Berdasarkan latar belakang diatas, penulis tertarik untuk meneliti tentang Hubungan pengetahuan, sikap dan tindakan masyarakat dengan kejadian filariasis di Desa Pardamean, Kecamatan Muara Batangtoru, Kabupaten Tapanuli Selatan, tahun 2009. 1.2. Perumusan Masalah Desa Pardamean merupakan salah satu daerah endemis penyakit filariasis, dengan angka microfilaria > 1%. Berdasarkan hal ini dibuat perumusan masalah sebagai berikut : belum diketahui bagaimana Hubungan Pengetahuan, Sikap dan Tindakan Masyarakat Terhadap Kejadian Filariasis di Desa Pardamean Kabupaten Tapanuli Selatan. 1.3. Tujuan Penelitian 1.3.1. Tujuan Umum Untuk mengetahui hubungan pengetahuan, sikap dan tindakan masyarakat terhadap kejadian filariasis di Desa Pardamean Kecamatan Muara Batang Toru Kabupaten Tapanuli Selatan tahun 2009. 1.3.2. Tujuan Khusus 1. Untuk mengetahui karakteristik responden (pekerjaan, lama bekerja, penghasilan dan daerah asal) dengan kejadian filariasis di Desa Pardamean Kecamatan Muara Batangtoru Kabupaten Tapanuli Selatan tahun 2009.
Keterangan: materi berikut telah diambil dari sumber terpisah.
(* In the setting described in the context, with $\mathbf{C}\in\mathbb{R}^{n\times n}$ defined entrywise by $$[\mathbf C]_{ij}=\begin{cases}\frac{1}{2n_{s(i)}}\Big(\frac{a_i}{w_i}-\frac{1-a_i}{1-w_i}\Big)&\text{if }j=i,\\[4pt] \frac{1}{2n_{s(i)}}\Big[\Big(1-\frac{a_i}{w_i}\Big)[\boldsymbol\beta_1^{r(i)}(x_i)]_j+\Big(\frac{1-a_i}{1-w_i}-1\Big)[\boldsymbol\beta_0^{r(i)}(x_i)]_j\Big]&\text{if }j\ne i,\end{cases}$$ the MMD test statistic satisfies $T_n^{\mathrm{MMD}}:=n\|\bar\psi_n\|_{\mathcal{H}}^2=n\langle\mathbf C,\mathbf K\mathbf C\mathbf L\rangle_F$.
   Context: Let $k,\ell$ be kernels on $\mathcal{X},\mathcal{Y}$ with feature maps $K_x,L_y$, and $\mathcal{H}=\mathcal{H}_\mathcal{X}\otimes\mathcal{H}_\mathcal{Y}$ the tensor-product RKHS with kernel $k(x,x')\ell(y,y')$ and feature map $\Lambda_{x,y}=K_x\otimes L_y$. Data $z_i=(x_i,a_i,y_i)\in\mathcal{X}\times\{0,1\}\times\mathcal{Y}$, $i\in[n]$. $[n]$ is partitioned into folds $\mathcal{I}^1,\mathcal{I}^2$ of sizes $n_1,n_2$; for index $i$, $s(i)$ is the fold containing $i$ and $r(i)=3-s(i)$. For each $r\in\{1,2\}$ (fitted on fold $r$) there are propensity estimates $\pi_n^r:\mathcal{X}\to(0,1)$ and outcome models $\theta^r_{n,a}(x)=\sum_{j=1}^n[\boldsymbol\beta_a^r(x)]_j\Lambda_{x,y_j}$, $a\in\{0,1\}$, with coefficient vectors $\boldsymbol\beta^r_a(x)\in\mathbb{R}^n$ satisfying $[\boldsymbol\beta^r_a(x)]_j=0$ whenever $j\notin\mathcal{I}^r$ or $a_j\neq a$. Write $w_i=\pi_n^{r(i)}(x_i)$. The cross-fitted one-step estimator is $\bar\psi_n=\frac12\sum_{r=1}^2\frac1{n_s}\sum_{i\in\mathcal{I}^s}\Big[\Big(\frac{a_i}{\pi^r_n(x_i)}-\frac{1-a_i}{1-\pi^r_n(x_i)}\Big)\big(\Lambda_{x_i,y_i}-\theta^r_{n,a_i}(x_i)\big)+\theta^r_{n,1}(x_i)-\theta^r_{n,0}(x_i)\Big]$ with $s=3-r$ (this equals $\frac12\sum_r(\psi^r_n+\mathbb{E}_{P_n^s}\phi_n^r)$ for the efficient influence function $\phi^r_n$, since the plug-in terms cancel). $\mathbf K,\mathbf L\in\mathbb{R}^{n\times n}$ are Gram matrices $[\mathbf K]_{ij}=k(x_i,x_j)$, $[\mathbf L]_{ij}=\ell(y_i,y_j)$, and $\langle\mathbf A,\mathbf B\rangle_F=\mathrm{tr}(\mathbf A^\top\mathbf B)$. *)

theory Defs
  imports "HOL-Analysis.Analysis" "Jordan_Normal_Form.Matrix"
begin

text \<open>Indices are 0..<n. A fold assignment s maps each index to its fold 1 or 2.\<close>

definition fold_set :: "nat \<Rightarrow> (nat \<Rightarrow> nat) \<Rightarrow> nat \<Rightarrow> nat set" where
  "fold_set n s r = {i. i < n \<and> s i = r}"

definition fold_size :: "nat \<Rightarrow> (nat \<Rightarrow> nat) \<Rightarrow> nat \<Rightarrow> nat" where
  "fold_size n s r = card (fold_set n s r)"

definition theta :: "nat \<Rightarrow> ('x \<Rightarrow> 'y \<Rightarrow> 'h::real_vector) \<Rightarrow> (nat \<Rightarrow> 'y)
    \<Rightarrow> (nat \<Rightarrow> real) \<Rightarrow> 'x \<Rightarrow> 'h" where
  "theta n Lam y b x0 = (\<Sum>j<n. b j *\<^sub>R Lam x0 (y j))"

text \<open>Cross-fitted one-step estimator. ps r is the propensity fitted on fold r,
  beta r a x is the coefficient vector of theta^r_{n,a}(x).\<close>
definition one_step ::
  "nat \<Rightarrow> (nat \<Rightarrow> nat) \<Rightarrow> ('x \<Rightarrow> 'y \<Rightarrow> 'h::real_vector) \<Rightarrow> (nat \<Rightarrow> 'x) \<Rightarrow> (nat \<Rightarrow> nat)
    \<Rightarrow> (nat \<Rightarrow> 'y) \<Rightarrow> (nat \<Rightarrow> 'x \<Rightarrow> real) \<Rightarrow> (nat \<Rightarrow> nat \<Rightarrow> 'x \<Rightarrow> nat \<Rightarrow> real) \<Rightarrow> 'h" where
  "one_step n s Lam x a y ps beta =
     (1/2) *\<^sub>R (\<Sum>r\<in>{1,2::nat}.
        (1 / real (fold_size n s (3 - r))) *\<^sub>R
        (\<Sum>i\<in>fold_set n s (3 - r).
           (real (a i) / ps r (x i) - (1 - real (a i)) / (1 - ps r (x i))) *\<^sub>R
              (Lam (x i) (y i) - theta n Lam y (beta r (a i) (x i)) (x i))
           + theta n Lam y (beta r 1 (x i)) (x i) - theta n Lam y (beta r 0 (x i)) (x i)))"

definition C_mat ::
  "nat \<Rightarrow> (nat \<Rightarrow> nat) \<Rightarrow> (nat \<Rightarrow> 'x) \<Rightarrow> (nat \<Rightarrow> nat)
    \<Rightarrow> (nat \<Rightarrow> 'x \<Rightarrow> real) \<Rightarrow> (nat \<Rightarrow> nat \<Rightarrow> 'x \<Rightarrow> nat \<Rightarrow> real) \<Rightarrow> real mat" where
  "C_mat n s x a ps beta = mat n n (\<lambda>(i, j).
     (let w = ps (3 - s i) (x i); ai = real (a i); c = 1 / (2 * real (fold_size n s (s i))) in
      if j = i then c * (ai / w - (1 - ai) / (1 - w))
      else c * ((1 - ai / w) * beta (3 - s i) 1 (x i) j
                + ((1 - ai) / (1 - w) - 1) * beta (3 - s i) 0 (x i) j)))"

definition gram :: "nat \<Rightarrow> ('z \<Rightarrow> 'z \<Rightarrow> real) \<Rightarrow> (nat \<Rightarrow> 'z) \<Rightarrow> real mat" where
  "gram n k z = mat n n (\<lambda>(i, j). k (z i) (z j))"

definition mat_trace :: "real mat \<Rightarrow> real" where
  "mat_trace A = (\<Sum>i<dim_row A. A $$ (i, i))"

definition frob :: "real mat \<Rightarrow> real mat \<Rightarrow> real" where
  "frob A B = mat_trace (transpose_mat A * B)"

end

theory Submission
  imports Defs
begin

(* Each sample i enters the cross-fitted estimator through its AIPW pseudo-outcome, scaled by
   1/(2 n_s(i)). Expanding the outcome models, this pseudo-outcome is a linear combination of
   the features Lambda(x_i, y_j), and row i of C lists its coefficients: the diagonal entry comes
   from the observed Lambda(x_i, y_i), while the fitted coefficients beta(x_i)_i vanish because
   sample i lies outside the fold the outcome models were fitted on. Hence the estimator is
   sum_ij C_ij Lambda(x_i, y_j), and the tensor-product structure
   <Lambda(x,y), Lambda(x',y')> = k(x,x') l(y,y') turns its squared norm into
   sum C_ij C_i'j' K_ii' L_j'j = <C, K C L>_F. *)

lemma frob_mult_expand:
  fixes A K L :: "real mat"
  assumes "A \<in> carrier_mat n n" "K \<in> carrier_mat n n" "L \<in> carrier_mat n n"
  shows "frob A (K * A * L) = (\<Sum>i<n. \<Sum>j<n. \<Sum>i'<n. \<Sum>j'<n.
           A $$ (i, j) * A $$ (i', j') * K $$ (i, i') * L $$ (j', j))"
proof -
  have "frob A (K * A * L) = (\<Sum>j<n. \<Sum>i<n.
          A $$ (i, j) * (\<Sum>i'<n. K $$ (i, i') * (\<Sum>j'<n. A $$ (i', j') * L $$ (j', j))))"
    using assms unfolding frob_def mat_trace_def
    by (auto simp: scalar_prod_def lessThan_atLeast0 intro!: sum.cong)
  also have "\<dots> = (\<Sum>j<n. \<Sum>i<n. \<Sum>i'<n. \<Sum>j'<n.
          A $$ (i, j) * A $$ (i', j') * K $$ (i, i') * L $$ (j', j))"
    by (simp add: sum_distrib_left mult_ac)
  also have "\<dots> = (\<Sum>i<n. \<Sum>j<n. \<Sum>i'<n. \<Sum>j'<n.
          A $$ (i, j) * A $$ (i', j') * K $$ (i, i') * L $$ (j', j))"
    by (rule sum.swap)
  finally show ?thesis .
qed

lemma norm_sum_tensor_features_eq_frob:
  fixes Lam :: "'x \<Rightarrow> 'y \<Rightarrow> 'h::real_inner" and C :: "real mat"
  assumes C: "C \<in> carrier_mat n n"
    and tensor: "\<And>u v u' v'. inner (Lam u v) (Lam u' v') = k u u' * l v v'"
    and l_sym: "\<And>v v'. l v v' = l v' v"
  shows "(norm (\<Sum>i<n. \<Sum>j<n. C $$ (i, j) *\<^sub>R Lam (x i) (y j)))\<^sup>2
           = frob C (gram n k x * C * gram n l y)"
proof -
  have "(norm (\<Sum>i<n. \<Sum>j<n. C $$ (i, j) *\<^sub>R Lam (x i) (y j)))\<^sup>2
          = (\<Sum>i<n. \<Sum>j<n. \<Sum>i'<n. \<Sum>j'<n.
               C $$ (i, j) * C $$ (i', j') * k (x i) (x i') * l (y j) (y j'))"
    unfolding power2_norm_eq_inner inner_sum_left
    by (simp add: inner_sum_right tensor sum_distrib_left mult_ac)
  also have "\<dots> = frob C (gram n k x * C * gram n l y)"
    by (subst frob_mult_expand[OF C]) (auto simp: gram_def l_sym intro!: sum.cong)
  finally show ?thesis .
qed

definition pseudo_outcome ::
  "nat \<Rightarrow> ('x \<Rightarrow> 'y \<Rightarrow> 'h::real_vector) \<Rightarrow> (nat \<Rightarrow> 'x) \<Rightarrow> (nat \<Rightarrow> nat) \<Rightarrow> (nat \<Rightarrow> 'y)
    \<Rightarrow> ('x \<Rightarrow> real) \<Rightarrow> (nat \<Rightarrow> 'x \<Rightarrow> nat \<Rightarrow> real) \<Rightarrow> nat \<Rightarrow> 'h" where
  "pseudo_outcome n Lam x a y p b i =
     (real (a i) / p (x i) - (1 - real (a i)) / (1 - p (x i))) *\<^sub>R
        (Lam (x i) (y i) - theta n Lam y (b (a i) (x i)) (x i))
     + theta n Lam y (b 1 (x i)) (x i) - theta n Lam y (b 0 (x i)) (x i)"

lemma one_step_eq_sum_pseudo_outcome:
  assumes folds: "\<And>i. i < n \<Longrightarrow> s i \<in> {1, 2}"
  shows "one_step n s Lam x a y ps beta
           = (\<Sum>i<n. (1 / (2 * real (fold_size n s (s i)))) *\<^sub>R
                pseudo_outcome n Lam x a y (ps (3 - s i)) (beta (3 - s i)) i)"
    (is "_ = (\<Sum>i<n. ?term i)")
proof -
  have split: "{..<n} = fold_set n s 2 \<union> fold_set n s 1"
    using folds by (auto simp: fold_set_def)
  have "one_step n s Lam x a y ps beta
          = (\<Sum>i\<in>fold_set n s 2. (1 / (2 * real (fold_size n s 2))) *\<^sub>R
               pseudo_outcome n Lam x a y (ps 1) (beta 1) i)
            + (\<Sum>i\<in>fold_set n s 1. (1 / (2 * real (fold_size n s 1))) *\<^sub>R
               pseudo_outcome n Lam x a y (ps 2) (beta 2) i)"
    by (simp add: one_step_def pseudo_outcome_def scaleR_sum_right scaleR_add_right)
  also have "\<dots> = (\<Sum>i\<in>fold_set n s 2. ?term i) + (\<Sum>i\<in>fold_set n s 1. ?term i)"
    by (auto simp: fold_set_def intro!: arg_cong2[where f = "(+)"] sum.cong)
  also have "\<dots> = (\<Sum>i<n. ?term i)"
    unfolding split by (rule sum.union_disjoint[symmetric]) (auto simp: fold_set_def)
  finally show ?thesis .
qed

lemma pseudo_outcome_eq_sum_features:
  assumes "i < n"
  shows "pseudo_outcome n Lam x a y p b i
           = (\<Sum>j<n. ((real (a i) / p (x i) - (1 - real (a i)) / (1 - p (x i)))
                       * ((if j = i then 1 else 0) - b (a i) (x i) j)
                     + b 1 (x i) j - b 0 (x i) j) *\<^sub>R Lam (x i) (y j))"
proof -
  have "Lam (x i) (y i) = (\<Sum>j<n. (if j = i then 1 else 0) *\<^sub>R Lam (x i) (y j))"
    using assms by (simp add: if_distrib[where f = "\<lambda>t. t *\<^sub>R _"] cong: if_cong)
  then show ?thesis
    unfolding pseudo_outcome_def theta_def
    by (simp add: scaleR_sum_right sum_subtractf[symmetric] sum.distrib[symmetric]
        scaleR_diff_left scaleR_diff_right scaleR_add_left algebra_simps)
qed

lemma pseudo_outcome_eq_sum_row:
  assumes "i < n" "a i \<in> {0, 1}" "b 0 (x i) i = 0" "b 1 (x i) i = 0"
  shows "pseudo_outcome n Lam x a y p b i
           = (\<Sum>j<n. (if j = i then real (a i) / p (x i) - (1 - real (a i)) / (1 - p (x i))
                       else (1 - real (a i) / p (x i)) * b 1 (x i) j
                            + ((1 - real (a i)) / (1 - p (x i)) - 1) * b 0 (x i) j)
                     *\<^sub>R Lam (x i) (y j))"
proof -
  have "(real (a i) / p (x i) - (1 - real (a i)) / (1 - p (x i)))
          * ((if j = i then 1 else 0) - b (a i) (x i) j) + b 1 (x i) j - b 0 (x i) j
        = (if j = i then real (a i) / p (x i) - (1 - real (a i)) / (1 - p (x i))
           else (1 - real (a i) / p (x i)) * b 1 (x i) j
                + ((1 - real (a i)) / (1 - p (x i)) - 1) * b 0 (x i) j)" for j
    using assms(2-) by (cases "j = i") (auto simp: algebra_simps)
  then show ?thesis
    by (simp add: pseudo_outcome_eq_sum_features[OF \<open>i < n\<close>])
qed

lemma one_step_eq_sum_C_mat:
  assumes folds: "\<And>i. i < n \<Longrightarrow> s i \<in> {1, 2}"
    and treat: "\<And>i. i < n \<Longrightarrow> a i \<in> {0, 1}"
    and beta_supp: "\<And>r b u j. r \<in> {1, 2} \<Longrightarrow> b \<in> {0, 1} \<Longrightarrow>
                       (j \<notin> fold_set n s r \<or> a j \<noteq> b) \<Longrightarrow> beta r b u j = 0"
  shows "one_step n s Lam x a y ps beta
           = (\<Sum>i<n. \<Sum>j<n. C_mat n s x a ps beta $$ (i, j) *\<^sub>R Lam (x i) (y j))"
proof -
  have own_fold: "beta (3 - s i) b (x i) i = 0" if "i < n" "b \<in> {0, 1}" for i b
    using folds[OF \<open>i < n\<close>] by (intro beta_supp that) (auto simp: fold_set_def)
  have "(1 / (2 * real (fold_size n s (s i)))) *\<^sub>R
          pseudo_outcome n Lam x a y (ps (3 - s i)) (beta (3 - s i)) i
        = (\<Sum>j<n. C_mat n s x a ps beta $$ (i, j) *\<^sub>R Lam (x i) (y j))" if "i < n" for i
  proof -
    have "pseudo_outcome n Lam x a y (ps (3 - s i)) (beta (3 - s i)) i
          = (\<Sum>j<n. (if j = i then real (a i) / ps (3 - s i) (x i)
                                      - (1 - real (a i)) / (1 - ps (3 - s i) (x i))
                      else (1 - real (a i) / ps (3 - s i) (x i)) * beta (3 - s i) 1 (x i) j
                           + ((1 - real (a i)) / (1 - ps (3 - s i) (x i)) - 1)
                             * beta (3 - s i) 0 (x i) j)
                    *\<^sub>R Lam (x i) (y j))"
      using \<open>i < n\<close> treat own_fold by (intro pseudo_outcome_eq_sum_row) auto
    then show ?thesis
      using \<open>i < n\<close> by (auto simp: scaleR_sum_right C_mat_def Let_def intro!: sum.cong)
  qed
  then show ?thesis
    by (simp add: one_step_eq_sum_pseudo_outcome[OF folds])
qed

theorem proposition3p5:
  fixes n :: nat
    and s :: "nat \<Rightarrow> nat"
    and x :: "nat \<Rightarrow> 'x" and a :: "nat \<Rightarrow> nat" and y :: "nat \<Rightarrow> 'y"
    and k :: "'x \<Rightarrow> 'x \<Rightarrow> real" and l :: "'y \<Rightarrow> 'y \<Rightarrow> real"
    and Kf :: "'x \<Rightarrow> 'hx::real_inner" and Lf :: "'y \<Rightarrow> 'hy::real_inner"
    and Lam :: "'x \<Rightarrow> 'y \<Rightarrow> 'h::real_inner"
    and ps :: "nat \<Rightarrow> 'x \<Rightarrow> real"
    and beta :: "nat \<Rightarrow> nat \<Rightarrow> 'x \<Rightarrow> nat \<Rightarrow> real"
  assumes k_feat: "\<And>u v. k u v = inner (Kf u) (Kf v)"
    and l_feat: "\<And>u v. l u v = inner (Lf u) (Lf v)"
    and tensor: "\<And>u v u' v'. inner (Lam u v) (Lam u' v') = k u u' * l v v'"
    and folds: "\<And>i. i < n \<Longrightarrow> s i \<in> {1, 2}"
    and fold_nonempty: "fold_size n s 1 > 0" "fold_size n s 2 > 0"
    and treat: "\<And>i. i < n \<Longrightarrow> a i \<in> {0, 1}"
    and pi_range: "\<And>r u. r \<in> {1, 2} \<Longrightarrow> 0 < ps r u \<and> ps r u < 1"
    and beta_supp: "\<And>r b u j. r \<in> {1, 2} \<Longrightarrow> b \<in> {0, 1} \<Longrightarrow>
                       (j \<notin> fold_set n s r \<or> a j \<noteq> b) \<Longrightarrow> beta r b u j = 0"
  shows "real n * (norm (one_step n s Lam x a y ps beta))\<^sup>2
           = real n * frob (C_mat n s x a ps beta)
                 (gram n k x * C_mat n s x a ps beta * gram n l y)"
proof -
  txt \<open>Propensities, fold sizes and \<open>k\<close> enter both sides in the same way (including the junk
    values of division by zero), so \<open>k_feat\<close>, \<open>fold_nonempty\<close> and \<open>pi_range\<close> are not needed.\<close>
  have l_sym: "l v v' = l v' v" for v v'
    by (simp add: l_feat inner_commute)
  have "C_mat n s x a ps beta \<in> carrier_mat n n"
    by (simp add: C_mat_def)
  then have "(norm (\<Sum>i<n. \<Sum>j<n. C_mat n s x a ps beta $$ (i, j) *\<^sub>R Lam (x i) (y j)))\<^sup>2
               = frob (C_mat n s x a ps beta) (gram n k x * C_mat n s x a ps beta * gram n l y)"
    using tensor l_sym by (rule norm_sum_tensor_features_eq_frob)
  moreover have "one_step n s Lam x a y ps beta
      = (\<Sum>i<n. \<Sum>j<n. C_mat n s x a ps beta $$ (i, j) *\<^sub>R Lam (x i) (y j))"
    using folds treat beta_supp by (rule one_step_eq_sum_C_mat)
  ultimately show ?thesis
    by simp
qed

end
2. Untuk mengetahui hubungan pengetahuan masyarakat terhadap kejadian filariasis di Desa Pardamean Kecamatan Muara Batang Toru Kabupaten Tapanuli Selatan tahun 2009. 3. Untuk mengetahui hubungan sikap masyarakat terhadap kejadian filariasis di Desa Pardamean Kecamatan Muara Batang Toru Kabupaten Tapanuli Selatan tahun 2009. 4. Untuk mengetahui hubungan tindakan masyarakat terhadap kejadian filariasis di Desa Pardamean Kecamatan Muara Batang Toru Kabupaten Tapanuli Selatan Tahun 2009. 1.4. Manfaat Penelitian 1. Sebagai bahan masukan bagi pihak pengelola program eliminasi filariasis di Desa Pardamean Kecamatan Muara Batang Toru Kabupaten Tapanuli Selatan. 2. Sebagai bahan dalam menyusun rencana kegiatan/proyek eliminasi filariasis di Desa Pardamean Kecamatan Muara Batang Toru Kabupaten Tapanuli Selatan. 3. Dapat dimanfaatkan oleh masyarakat dan pemerintah sebagai bahan masukan khususnya mengenai filariasis di Desa Pardamean Kecamatan Muara Batang Toru Kabupaten Tapanuli Selatan. 4. Menambah wawasan ilmu pengetahuan penulis tentang masalah filariasis. 5. Sebagai sumber informasi kepada peneliti lain untuk melaksanakan penelitian selanjutnya.